- [YOUR TASK]: The task calls for each line of the records below in which the word "also" appears.

- [RECORDS SUPPLIED]:
(* Let $n\ge1$, $t_1<\dots<t_n$, $p_0,\dots,p_n>0$, $q_k=p_k^{-1/2}$, and let $a_k^\pm,b_k^\pm$ ($0\le k\le n$) be the connection coefficients defined in the context. Then: (i) For $z\in\mathbb{C}\setminus(-\infty,0]$ and all $1\le k\le n-1$, $$\frac{a_0^+(z)}{q_0}=\frac{1}{q_k}\big(a_k^+(z)b_k^-(z)-a_k^-(z)b_k^+(z)\big)=\frac{b_n^-(z)}{q_n}.$$ (ii) For $\lambda\in(0,\infty)$ and all $0\le k\le n$, $$q_0\big(|b_k^-(\lambda)|^2-|a_k^-(\lambda)|^2\big)=q_n\big(|a_k^+(\lambda)|^2-|b_k^+(\lambda)|^2\big)=q_k,$$ and consequently $$\frac{|a_k^+(\lambda)|^2}{q_0}+\frac{|a_k^-(\lambda)|^2}{q_n}=\frac{|b_k^+(\lambda)|^2}{q_0}+\frac{|b_k^-(\lambda)|^2}{q_n}.$$ (iii) For $\lambda\in(0,\infty)$ and all $1\le k\le n-1$, $$\frac{b_0^+(\lambda)}{q_0}=\frac{1}{q_k}\Big(b_k^+(\lambda)\overline{b_k^-(\lambda)}-a_k^+(\lambda)\overline{a_k^-(\lambda)}\Big)=-\frac{\overline{a_n^-(\lambda)}}{q_n}.$$
   Context: For $z\in\mathbb{C}\setminus(-\infty,0]$, $\sqrt z$ is the principal square root. For $1\le k\le n$ let $$L_k(z)=\frac12\begin{bmatrix}\left(1+\frac{q_k}{q_{k-1}}\right)e^{it_k(q_{k-1}-q_k)\sqrt z} & \left(1-\frac{q_k}{q_{k-1}}\right)e^{-it_k(q_{k-1}+q_k)\sqrt z}\\ \left(1-\frac{q_k}{q_{k-1}}\right)e^{it_k(q_{k-1}+q_k)\sqrt z} & \left(1+\frac{q_k}{q_{k-1}}\right)e^{-it_k(q_{k-1}-q_k)\sqrt z}\end{bmatrix},\qquad R_k(z)=L_k(z)^{-1}.$$ The connection coefficients are defined by $a_n^+=1$, $b_n^+=0$, $(a_l^+,b_l^+)^T=R_{l+1}(z)(a_{l+1}^+,b_{l+1}^+)^T$ for $l=n-1,\dots,0$; and $a_0^-=0$, $b_0^-=1$, $(a_j^-,b_j^-)^T=L_j(z)(a_{j-1}^-,b_{j-1}^-)^T$ for $j=1,\dots,n$. *)

theory Defs
  imports "HOL-Analysis.Analysis"
begin

definition qq :: "(nat \<Rightarrow> real) \<Rightarrow> nat \<Rightarrow> real" where
  "qq p k = p k powr (-1/2)"

definition Lmat :: "(nat \<Rightarrow> real) \<Rightarrow> (nat \<Rightarrow> real) \<Rightarrow> nat \<Rightarrow> complex \<Rightarrow> complex^2^2" where
  "Lmat t q k z =
    (let r = complex_of_real (q k / q (k - 1));
         s = csqrt z;
         tk = complex_of_real (t k);
         dm = complex_of_real (q (k - 1) - q k);
         dp = complex_of_real (q (k - 1) + q k)
     in \<chi> i j.
        if i = 1 then
          (if j = 1 then (1 + r) / 2 * exp (\<i> * tk * dm * s)
           else (1 - r) / 2 * exp (- \<i> * tk * dp * s))
        else
          (if j = 1 then (1 - r) / 2 * exp (\<i> * tk * dp * s)
           else (1 + r) / 2 * exp (- \<i> * tk * dm * s)))"

definition Rmat :: "(nat \<Rightarrow> real) \<Rightarrow> (nat \<Rightarrow> real) \<Rightarrow> nat \<Rightarrow> complex \<Rightarrow> complex^2^2" where
  "Rmat t q k z = matrix_inv (Lmat t q k z)"

definition vec2 :: "complex \<Rightarrow> complex \<Rightarrow> complex^2" where
  "vec2 a b = (\<chi> i. if i = 1 then a else b)"

text \<open>plus_aux m = (a^+_{n-m}, b^+_{n-m}) for m \<le> n.\<close>
fun plus_aux :: "(nat \<Rightarrow> real) \<Rightarrow> (nat \<Rightarrow> real) \<Rightarrow> nat \<Rightarrow> complex \<Rightarrow> nat \<Rightarrow> complex^2" where
  "plus_aux t q n z 0 = vec2 1 0"
| "plus_aux t q n z (Suc m) = Rmat t q (n - m) z *v plus_aux t q n z m"

definition conn_plus :: "(nat \<Rightarrow> real) \<Rightarrow> (nat \<Rightarrow> real) \<Rightarrow> nat \<Rightarrow> complex \<Rightarrow> nat \<Rightarrow> complex^2" where
  "conn_plus t q n z l = plus_aux t q n z (n - l)"

fun conn_minus :: "(nat \<Rightarrow> real) \<Rightarrow> (nat \<Rightarrow> real) \<Rightarrow> complex \<Rightarrow> nat \<Rightarrow> complex^2" where
  "conn_minus t q z 0 = vec2 0 1"
| "conn_minus t q z (Suc j) = Lmat t q (Suc j) z *v conn_minus t q z j"

definition a_plus where "a_plus t q n z k = conn_plus t q n z k $ 1"
definition b_plus where "b_plus t q n z k = conn_plus t q n z k $ 2"
definition a_minus where "a_minus t q z k = conn_minus t q z k $ 1"
definition b_minus where "b_minus t q z k = conn_minus t q z k $ 2"

end

theory Submission
  imports Defs
begin

(* Both connection sequences are transported by the transfer matrices, v k = L_k v (k-1). The
  Wronskian of two such sequences is multiplied by det L_k = q_k / q_(k-1) at each step, so divided
  by q_k it does not depend on k. For z = lambda > 0 the square root is real and L_k has the shape
  [[alpha, beta], [cnj beta, cnj alpha]], so the same holds for the indefinite Hermitian form
  diag(-1, 1). Evaluating these invariants at k = 0 and k = n, where the connection coefficients are
  unit vectors, gives all identities. *)

definition wronskian :: "complex^2 \<Rightarrow> complex^2 \<Rightarrow> complex" where
  "wronskian u v = u$1 * v$2 - v$1 * u$2"

definition indefinite_form :: "complex^2 \<Rightarrow> complex^2 \<Rightarrow> complex" where
  "indefinite_form u v = u$2 * cnj (v$2) - u$1 * cnj (v$1)"

definition transfer_sequence ::
    "(nat \<Rightarrow> real) \<Rightarrow> (nat \<Rightarrow> real) \<Rightarrow> nat \<Rightarrow> complex \<Rightarrow> (nat \<Rightarrow> complex^2) \<Rightarrow> bool" where
  "transfer_sequence t q n z v \<longleftrightarrow> (\<forall>k. 1 \<le> k \<longrightarrow> k \<le> n \<longrightarrow> v k = Lmat t q k z *v v (k - 1))"

lemma vec2_nth [simp]: "vec2 a b $ 1 = a" "vec2 a b $ 2 = b"
  by (simp_all add: vec2_def)

lemma matrix_vector_mult_2:
  fixes M :: "'a::comm_semiring_1^2^2"
  shows "(M *v u) $ 1 = M$1$1 * u$1 + M$1$2 * u$2"
    and "(M *v u) $ 2 = M$2$1 * u$1 + M$2$2 * u$2"
  by (simp_all add: matrix_vector_mult_def sum_2)

lemma wronskian_mult: "wronskian (M *v u) (M *v v) = det M * wronskian u v"
  by (simp add: wronskian_def matrix_vector_mult_2 det_2 algebra_simps)

lemma indefinite_form_mult:
  assumes "M$2$1 = cnj (M$1$2)" and "M$2$2 = cnj (M$1$1)"
  shows "indefinite_form (M *v u) (M *v v) = det M * indefinite_form u v"
  using assms by (simp add: indefinite_form_def matrix_vector_mult_2 det_2 algebra_simps)

lemma indefinite_form_self: "indefinite_form u u = of_real ((cmod (u$2))\<^sup>2 - (cmod (u$1))\<^sup>2)"
  unfolding indefinite_form_def of_real_diff complex_norm_square by simp

lemma matrix_inv_right:
  fixes M :: "'a::field^'n^'n"
  assumes "invertible M"
  shows "M ** matrix_inv M = mat 1"
proof -
  from assms obtain M' where "M ** M' = mat 1 \<and> M' ** M = mat 1"
    by (auto simp: invertible_def)
  then show ?thesis
    unfolding matrix_inv_def by (rule someI2) blast
qed

lemma quotient_invariant:
  fixes g q :: "nat \<Rightarrow> 'a::field"
  assumes nz: "\<And>k. k \<le> n \<Longrightarrow> q k \<noteq> 0"
    and step: "\<And>k. 1 \<le> k \<Longrightarrow> k \<le> n \<Longrightarrow> g k = q k / q (k - 1) * g (k - 1)"
    and "k \<le> n"
  shows "g k / q k = g 0 / q 0"
  using \<open>k \<le> n\<close>
proof (induction k)
  case (Suc k)
  then have "q k \<noteq> 0" "q (Suc k) \<noteq> 0"
    using nz by auto
  with Suc step[of "Suc k"] show ?case
    by simp
qed simp

lemma det_Lmat:
  assumes "q (k - 1) \<noteq> 0"
  shows "det (Lmat t q k z) = of_real (q k / q (k - 1))"
proof -
  define r where "r = complex_of_real (q k / q (k - 1))"
  define A where "A = \<i> * of_real (t k) * of_real (q (k - 1) - q k) * csqrt z"
  define B where "B = \<i> * of_real (t k) * of_real (q (k - 1) + q k) * csqrt z"
  have "det (Lmat t q k z)
      = (1 + r)/2 * exp A * ((1 + r)/2 * exp (- A)) - (1 - r)/2 * exp (- B) * ((1 - r)/2 * exp B)"
    by (simp add: det_2 Lmat_def Let_def r_def A_def B_def)
  also have "\<dots> = (1 + r)/2 * ((1 + r)/2) * (exp A * exp (- A))
      - (1 - r)/2 * ((1 - r)/2) * (exp B * exp (- B))"
    by (simp only: mult_ac)
  also have "\<dots> = r"
    by (simp only: exp_minus_inverse) (simp add: field_simps power2_eq_square)
  finally show ?thesis
    by (simp add: r_def)
qed

lemma Lmat_of_nonneg_real:
  assumes "lam \<ge> 0"
  shows "Lmat t q k (of_real lam) $ 2 $ 1 = cnj (Lmat t q k (of_real lam) $ 1 $ 2)"
    and "Lmat t q k (of_real lam) $ 2 $ 2 = cnj (Lmat t q k (of_real lam) $ 1 $ 1)"
  using assms by (simp_all add: Lmat_def Let_def exp_cnj)

lemma transfer_sequence_conn_minus: "transfer_sequence t q n z (conn_minus t q z)"
  unfolding transfer_sequence_def by (auto simp: Suc_le_eq gr0_conv_Suc)

lemma transfer_sequence_conn_plus:
  assumes nz: "\<And>k. k \<le> n \<Longrightarrow> q k \<noteq> 0"
  shows "transfer_sequence t q n z (conn_plus t q n z)"
  unfolding transfer_sequence_def
proof (intro allI impI)
  fix k assume k: "1 \<le> k" "k \<le> n"
  then have "det (Lmat t q k z) \<noteq> 0"
    using nz[of k] nz[of "k - 1"] by (simp add: det_Lmat)
  then have inv: "Lmat t q k z ** Rmat t q k z = mat 1"
    by (simp add: Rmat_def matrix_inv_right invertible_det_nz)
  have "n - (k - 1) = Suc (n - k)" "n - (n - k) = k"
    using k by auto
  then have "conn_plus t q n z (k - 1) = Rmat t q k z *v conn_plus t q n z k"
    by (simp add: conn_plus_def)
  then show "conn_plus t q n z k = Lmat t q k z *v conn_plus t q n z (k - 1)"
    by (simp add: matrix_vector_mul_assoc inv)
qed

lemma transfer_sequenceD:
  "transfer_sequence t q n z v \<Longrightarrow> 1 \<le> k \<Longrightarrow> k \<le> n \<Longrightarrow> v k = Lmat t q k z *v v (k - 1)"
  unfolding transfer_sequence_def by blast

lemma wronskian_quotient_invariant:
  assumes nz: "\<And>k. k \<le> n \<Longrightarrow> q k \<noteq> 0"
    and u: "transfer_sequence t q n z u" and v: "transfer_sequence t q n z v"
    and "k \<le> n"
  shows "wronskian (u k) (v k) / of_real (q k) = wronskian (u 0) (v 0) / of_real (q 0)"
proof (rule quotient_invariant[where q = "\<lambda>k. of_real (q k)"])
  fix k assume k: "1 \<le> k" "k \<le> n"
  show "wronskian (u k) (v k)
      = of_real (q k) / of_real (q (k - 1)) * wronskian (u (k - 1)) (v (k - 1))"
    using nz[of "k - 1"] k
    by (simp add: transfer_sequenceD[OF u k] transfer_sequenceD[OF v k] wronskian_mult det_Lmat)
qed (use nz \<open>k \<le> n\<close> in auto)

lemma indefinite_form_quotient_invariant:
  assumes nz: "\<And>k. k \<le> n \<Longrightarrow> q k \<noteq> 0" and "lam \<ge> 0"
    and u: "transfer_sequence t q n (of_real lam) u" and v: "transfer_sequence t q n (of_real lam) v"
    and "k \<le> n"
  shows "indefinite_form (u k) (v k) / of_real (q k) = indefinite_form (u 0) (v 0) / of_real (q 0)"
proof (rule quotient_invariant[where q = "\<lambda>k. of_real (q k)"])
  fix k assume k: "1 \<le> k" "k \<le> n"
  show "indefinite_form (u k) (v k)
      = of_real (q k) / of_real (q (k - 1)) * indefinite_form (u (k - 1)) (v (k - 1))"
    using nz[of "k - 1"] k
    by (simp add: transfer_sequenceD[OF u k] transfer_sequenceD[OF v k] det_Lmat
        indefinite_form_mult[OF Lmat_of_nonneg_real[OF \<open>lam \<ge> 0\<close>]])
qed (use nz \<open>k \<le> n\<close> in auto)

lemma indefinite_form_self_quotient_invariant:
  assumes nz: "\<And>k. k \<le> n \<Longrightarrow> q k \<noteq> 0" and "lam \<ge> 0"
    and u: "transfer_sequence t q n (of_real lam) u" and "k \<le> n"
  shows "((cmod (u k $ 2))\<^sup>2 - (cmod (u k $ 1))\<^sup>2) / q k
    = ((cmod (u 0 $ 2))\<^sup>2 - (cmod (u 0 $ 1))\<^sup>2) / q 0"
proof -
  have "complex_of_real (((cmod (u k $ 2))\<^sup>2 - (cmod (u k $ 1))\<^sup>2) / q k)
      = of_real (((cmod (u 0 $ 2))\<^sup>2 - (cmod (u 0 $ 1))\<^sup>2) / q 0)"
    using indefinite_form_quotient_invariant[OF nz \<open>lam \<ge> 0\<close> u u \<open>k \<le> n\<close>]
    by (simp only: indefinite_form_self of_real_divide)
  then show ?thesis
    by (simp only: of_real_eq_iff)
qed

lemma conn_plus_last [simp]: "conn_plus t q n z n = vec2 1 0"
  by (simp add: conn_plus_def)

lemma conn_wronskian_quotient:
  assumes nz: "\<And>k. k \<le> n \<Longrightarrow> q k \<noteq> 0" and "k \<le> n"
  shows "(a_plus t q n z k * b_minus t q z k - a_minus t q z k * b_plus t q n z k) / of_real (q k)
    = a_plus t q n z 0 / of_real (q 0)"
  using wronskian_quotient_invariant[OF nz transfer_sequence_conn_plus[OF nz]
      transfer_sequence_conn_minus \<open>k \<le> n\<close>]
  by (simp add: wronskian_def a_plus_def b_plus_def a_minus_def b_minus_def)

lemma conn_indefinite_form_quotient:
  assumes nz: "\<And>k. k \<le> n \<Longrightarrow> q k \<noteq> 0" and "lam \<ge> 0" and "k \<le> n"
  shows "(b_plus t q n (of_real lam) k * cnj (b_minus t q (of_real lam) k)
      - a_plus t q n (of_real lam) k * cnj (a_minus t q (of_real lam) k)) / of_real (q k)
    = b_plus t q n (of_real lam) 0 / of_real (q 0)"
  using indefinite_form_quotient_invariant[OF nz \<open>lam \<ge> 0\<close> transfer_sequence_conn_plus[OF nz]
      transfer_sequence_conn_minus \<open>k \<le> n\<close>]
  by (simp add: indefinite_form_def a_plus_def b_plus_def a_minus_def b_minus_def)

lemma conn_minus_norm_quotient:
  assumes nz: "\<And>k. k \<le> n \<Longrightarrow> q k \<noteq> 0" and "lam \<ge> 0" and "k \<le> n"
  shows "((cmod (b_minus t q (of_real lam) k))\<^sup>2 - (cmod (a_minus t q (of_real lam) k))\<^sup>2) / q k
    = 1 / q 0"
  using indefinite_form_self_quotient_invariant[OF nz \<open>lam \<ge> 0\<close> transfer_sequence_conn_minus \<open>k \<le> n\<close>]
  by (simp add: a_minus_def b_minus_def)

lemma conn_plus_norm_quotient:
  assumes nz: "\<And>k. k \<le> n \<Longrightarrow> q k \<noteq> 0" and "lam \<ge> 0" and "k \<le> n"
  shows "((cmod (b_plus t q n (of_real lam) k))\<^sup>2 - (cmod (a_plus t q n (of_real lam) k))\<^sup>2) / q k
    = - 1 / q n"
  using indefinite_form_self_quotient_invariant[OF nz \<open>lam \<ge> 0\<close> transfer_sequence_conn_plus[OF nz] \<open>k \<le> n\<close>]
    indefinite_form_self_quotient_invariant[OF nz \<open>lam \<ge> 0\<close> transfer_sequence_conn_plus[OF nz] order_refl]
  by (simp add: a_plus_def b_plus_def)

- [COMPLETED TASK]:
  also have "\<dots> = (1 + r)/2 * ((1 + r)/2) * (exp A * exp (- A))
  also have "\<dots> = r"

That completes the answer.